La présidente du tribunal a désigné Mme Mathou pour statuer sur les demandes de référé.
Considérant ce qui suit :
1. Aux termes du premier alinéa de l’article L. 521-1 du code de justice administrative : « Quand une décision administrative, même de rejet, fait l’objet d’une requête en annulation ou en réformation, le juge des référés, saisi d’une demande en ce sens, peut ordonner la suspension de l’exécution de cette décision, ou de certains de ses effets, lorsque l’urgence le justifie et qu’il est fait état d’un moyen propre à créer, en l’état de l’instruction, un doute sérieux quant à la légalité de la décision. ». En vertu de l’article L. 522-3 du même code, le juge des référés peut, par une ordonnance motivée, rejeter une requête sans instruction ni audience lorsque la condition d’urgence n’est pas remplie ou lorsqu’il apparaît manifeste, au vu de la demande, que celle-ci ne relève pas de la compétence de la juridiction administrative, qu’elle est irrecevable ou qu’elle est mal fondée.
2. Aux termes de l’article L. 224-2 du code de la route : « (…) I.-Le représentant de l’Etat dans le département peut, dans les soixante-douze heures de la rétention du permis prévue à l’article L. 224-1, ou dans les cent vingt heures pour les infractions pour lesquelles les vérifications prévues aux articles L. 234-4 à L. 234-6 et L. 235-2 ont été effectuées, prononcer la suspension du permis de conduire lorsque : / 3° Le véhicule est intercepté, lorsque le dépassement de 40 km/ h ou plus de la vitesse maximale autorisée est établi au moyen d’un appareil homologué ;(…) II.-La durée de la suspension du permis de conduire ne peut excéder six mois.
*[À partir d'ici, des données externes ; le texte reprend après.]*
lemma sp_dist_le_walk_weight:
  assumes "i \<in> V" "is_walk E i j ps"
  shows "sp_dist E w i j \<le> walk_weight w ps"
proof -
  have "bdd_below {walk_weight w ps | ps. is_walk E i j ps}"
    using walk_weight_nonneg_in_graph \<open>i \<in> V\<close> by (intro bdd_belowI[of _ 0]) blast
  then show ?thesis
    unfolding sp_dist_def using assms(2) by (intro cInf_lower) auto
qed

lemma sp_dist_nonneg: "i \<in> V \<Longrightarrow> j \<in> V \<Longrightarrow> sp_dist E w i j \<ge> 0"
  using walk_weight_nonneg_in_graph by (intro sp_dist_greatest) auto

lemma sp_dist_self: "i \<in> V \<Longrightarrow> sp_dist E w i i = 0"
  using sp_dist_le_walk_weight[of i i "[i]"] sp_dist_nonneg[of i i]
  by (simp add: is_walk_singleton walk_weight_singleton)

lemma sp_dist_le_edge: "(i, j) \<in> E \<Longrightarrow> sp_dist E w i j \<le> w i j"
  using edges sp_dist_le_walk_weight[of i j "[i, j]"]
  by (auto simp: is_walk_edge adj_def walk_weight_Cons_Cons walk_weight_singleton)

lemma sp_dist_triangle:
  assumes "i \<in> V" "j \<in> V" "k \<in> V"
  shows "sp_dist E w i j \<le> sp_dist E w i k + sp_dist E w k j"
proof -
  have "sp_dist E w i j - walk_weight w qs \<le> sp_dist E w i k" if qs: "is_walk E k j qs" for qs
  proof (rule sp_dist_greatest[OF assms(1,3)])
    fix ps
    assume ps: "is_walk E i k ps"
    show "sp_dist E w i j - walk_weight w qs \<le> walk_weight w ps"
      using sp_dist_le_walk_weight[OF assms(1) is_walk_append[OF ps qs]]
        walk_weight_append_walks[OF ps qs, of w] by simp
  qed
  then have "sp_dist E w i j - sp_dist E w i k \<le> sp_dist E w k j"
    using assms by (intro sp_dist_greatest) (auto simp: algebra_simps)
  then show ?thesis
    by simp
qed

lemma sp_dist_sym:
  assumes sym: "\<forall>u \<in> V. \<forall>v \<in> V. w u v = w v u" and "i \<in> V" "j \<in> V"
  shows "sp_dist E w i j = sp_dist E w j i"
proof -
  have "sp_dist E w j i \<le> sp_dist E w i j" if "i \<in> V" "j \<in> V" for i j
  proof (rule sp_dist_greatest[OF that])
    fix ps
    assume ps: "is_walk E i j ps"
    have "\<forall>u \<in> set ps. \<forall>v \<in> set ps. w u v = w v u"
      using set_walk_subset[OF edges ps \<open>i \<in> V\<close>] sym by blast
    then have "walk_weight w (rev ps) = walk_weight w ps"
      by (rule walk_weight_rev)
    then show "sp_dist E w j i \<le> walk_weight w ps"
      using sp_dist_le_walk_weight[OF \<open>j \<in> V\<close> is_walk_rev[OF ps]] by simp
  qed
  with assms show ?thesis
    by (meson order_antisym)
qed

end

lemma LR_feasible_imp_LR_OL_feasible: "LR_feasible V E d \<Longrightarrow> LR_OL_feasible V E d"
  unfolding LR_feasible_def LR_OL_feasible_def by auto

lemma LR_OL_feasible_nonneg: "LR_OL_feasible V E b \<Longrightarrow> \<forall>u \<in> V. \<forall>v \<in> V. b u v \<ge> 0"
  unfolding LR_OL_feasible_def by auto

lemma LR_OL_feasible_le_walk_weight:
  assumes edges: "E \<subseteq> V \<times> V" and b: "LR_OL_feasible V E b"
    and "is_walk E i j ps" "i \<in> V"
  shows "b i j \<le> walk_weight b ps"
  using assms(3,4)
proof (induction ps arbitrary: i rule: induct_list012)
  case (2 x)
  then show ?case
    using b by (auto simp: is_walk_singleton walk_weight_singleton LR_OL_feasible_def)
next
  case (3 x y ps)
  then have "x = i" "adj E i y" and walk: "is_walk E y j (y # ps)"
    by (auto simp: is_walk_Cons_Cons)
  then have "y \<in> V"
    using edges unfolding adj_def by auto
  moreover from walk have "j \<in> V"
    using set_walk_subset[OF edges walk \<open>y \<in> V\<close>] unfolding is_walk_def
    by (metis last_in_set subsetD)
  ultimately have "b i j \<le> b i y + b y j"
    \<comment> \<open>the degenerate cases are covered by the zero diagonal and nonnegativity\<close>
    using b \<open>adj E i y\<close> \<open>i \<in> V\<close> unfolding LR_OL_feasible_def
    by (cases "i = j \<or> i = y \<or> y = j") auto
  also have "\<dots> \<le> b i y + walk_weight b (y # ps)"
    using "3.IH"(2)[OF walk \<open>y \<in> V\<close>] by simp
  finally show ?case
    using \<open>x = i\<close> by (simp add: walk_weight_Cons_Cons)
qed (simp add: is_walk_def)

context
  fixes V :: "'a set" and E :: "('a \<times> 'a) set" and b :: "'a \<Rightarrow> 'a \<Rightarrow> real"
  assumes edges: "E \<subseteq> V \<times> V"
    and connected: "connected_graph V E"
    and b: "LR_OL_feasible V E b"
begin

lemma LR_OL_feasible_le_sp_dist: "i \<in> V \<Longrightarrow> j \<in> V \<Longrightarrow> b i j \<le> sp_dist E b i j"
  using LR_OL_feasible_le_walk_weight[OF edges b]
  by (intro sp_dist_greatest[OF edges connected LR_OL_feasible_nonneg[OF b]])

lemma sp_dist_eq_on_edges:
  assumes "(i, j) \<in> E"
  shows "sp_dist E b i j = b i j"
proof (rule order_antisym)
  show "sp_dist E b i j \<le> b i j"
    using sp_dist_le_edge[OF edges connected LR_OL_feasible_nonneg[OF b] assms] .
  show "b i j \<le> sp_dist E b i j"
    using assms edges by (intro LR_OL_feasible_le_sp_dist) auto
qed

lemma edge_obj_sp_dist: "edge_obj E (sp_dist E b) = edge_obj E b"
  unfolding edge_obj_def using sp_dist_eq_on_edges by (intro sum.cong) auto

lemma LR_feasible_sp_dist: "LR_feasible V E (sp_dist E b)"
proof -
  note sp_dist_lemmas = sp_dist_nonneg sp_dist_self sp_dist_triangle sp_dist_sym
  have "1 \<le> (\<Sum>i \<in> V. \<Sum>j \<in> V. b i j)"
    using b unfolding LR_OL_feasible_def by blast
  also have "\<dots> \<le> (\<Sum>i \<in> V. \<Sum>j \<in> V. sp_dist E b i j)"
    using LR_OL_feasible_le_sp_dist by (intro sum_mono) auto
  moreover have "\<forall>u \<in> V. \<forall>v \<in> V. b u v = b v u"
    using b unfolding LR_OL_feasible_def by auto
  ultimately show ?thesis
    using sp_dist_lemmas[OF edges connected LR_OL_feasible_nonneg[OF b]]
    unfolding LR_feasible_def by auto
qed

end

lemma LR_optimal_sp_dist:
  assumes "E \<subseteq> V \<times> V" "connected_graph V E" "LR_OL_optimal V E b"
  shows "LR_optimal V E (sp_dist E b)"
proof -
  have b: "LR_OL_feasible V E b"
    using assms(3) unfolding LR_OL_optimal_def by blast
  have "edge_obj E (sp_dist E b) \<le> edge_obj E d" if "LR_feasible V E d" for d
    using assms(3) LR_feasible_imp_LR_OL_feasible[OF that] edge_obj_sp_dist[OF assms(1,2) b]
    unfolding LR_OL_optimal_def by simp
  then show ?thesis
    unfolding LR_optimal_def using LR_feasible_sp_dist[OF assms(1,2) b] by blast
qed

theorem mainTheorem1:
  fixes V :: "'a set" and E :: "('a \<times> 'a) set"
    and dstar bstar :: "'a \<Rightarrow> 'a \<Rightarrow> real"
  assumes "simple_graph V E"
    and "connected_graph V E"
    and "LR_optimal V E dstar"
    and "LR_OL_optimal V E bstar"
  shows "edge_obj E bstar = edge_obj E dstar
    \<and> (let d' = sp_dist E bstar in
         LR_feasible V E d'
       \<and> (\<forall>i \<in> V. \<forall>j \<in> V. d' i j \<ge> bstar i j)
       \<and> (\<forall>(i, j) \<in> E. d' i j = bstar i j)
       \<and> LR_optimal V E d')"
proof -
  have edges: "E \<subseteq> V \<times> V"
    using assms(1) unfolding simple_graph_def by blast
  have bstar: "LR_OL_feasible V E bstar"
    using assms(4) unfolding LR_OL_optimal_def by blast
  have d'_optimal: "LR_optimal V E (sp_dist E bstar)"
    using LR_optimal_sp_dist[OF edges assms(2,4)] .
  have d'_feasible: "LR_feasible V E (sp_dist E bstar)"
    using d'_optimal unfolding LR_optimal_def by blast
  have "edge_obj E dstar \<le> edge_obj E (sp_dist E bstar)"
    using assms(3) d'_feasible unfolding LR_optimal_def by blast
  moreover have "edge_obj E (sp_dist E bstar) \<le> edge_obj E dstar"
    using d'_optimal assms(3) unfolding LR_optimal_def by blast
  ultimately have "edge_obj E bstar = edge_obj E dstar"
    using edge_obj_sp_dist[OF edges assms(2) bstar] by linarith
  moreover note d'_feasible
  moreover have "\<forall>i \<in> V. \<forall>j \<in> V. sp_dist E bstar i j \<ge> bstar i j"
    using LR_OL_feasible_le_sp_dist[OF edges assms(2) bstar] by blast
  moreover have "\<forall>(i, j) \<in> E. sp_dist E bstar i j = bstar i j"
    using sp_dist_eq_on_edges[OF edges assms(2) bstar] by blast
  ultimately show ?thesis
    using d'_optimal unfolding Let_def by (intro conjI)
qed

end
Cette durée peut être portée à un an en cas d’accident de la circulation ayant entraîné la mort d’une personne ou ayant occasionné un dommage corporel, de refus d’obtempérer commis dans les conditions prévues à l’article L. 233-1-1, de conduite sous l’empire d’un état alcoolique, de conduite après usage de substances ou plantes classées comme stupéfiants et de refus de se soumettre aux épreuves de vérification prévues aux articles L. 234-4 à L. 234-6 et L. 235-2. (…) ».
3. A la suite d’un dépassement de la vitesse autorisée de 40 km/ ou plus, commis le 19 août 2025 à Brunoy (en l’espèce une vitesse retenue de 144 km/h pour une vitesse autorisée de 90 km/h), M. A… a fait l’objet d’une mesure de rétention immédiate de son permis de conduire et par un arrêté du même jour, le préfet de l’Essonne a suspendu la validité de ce permis pour une durée de cinq mois en application des dispositions de l’article L. 224-2 du code de la route.
4. D’une part, aux termes de l’article de l’article R. 431-4 du code de justice administrative : « Dans les affaires où ne s’appliquent pas les dispositions de l’article R.431-2, les requêtes et les mémoires doivent être signés par leur auteur et, dans le cas d’une personne morale, par une personne justifiant de sa qualité pour agir ». En l’espèce, la requête présentée par M. A… ne comporte pas sa signature. Il en résulte qu’elle est manifestement irrecevable.
5. D’autre part, et au surplus, en l’état de l’instruction, aucun des moyens susvisés soulevés par M. A… n’est manifestement de nature à créer un doute sérieux quant à la légalité de l’arrêté du préfet de l’Essonne du 19 août 2025.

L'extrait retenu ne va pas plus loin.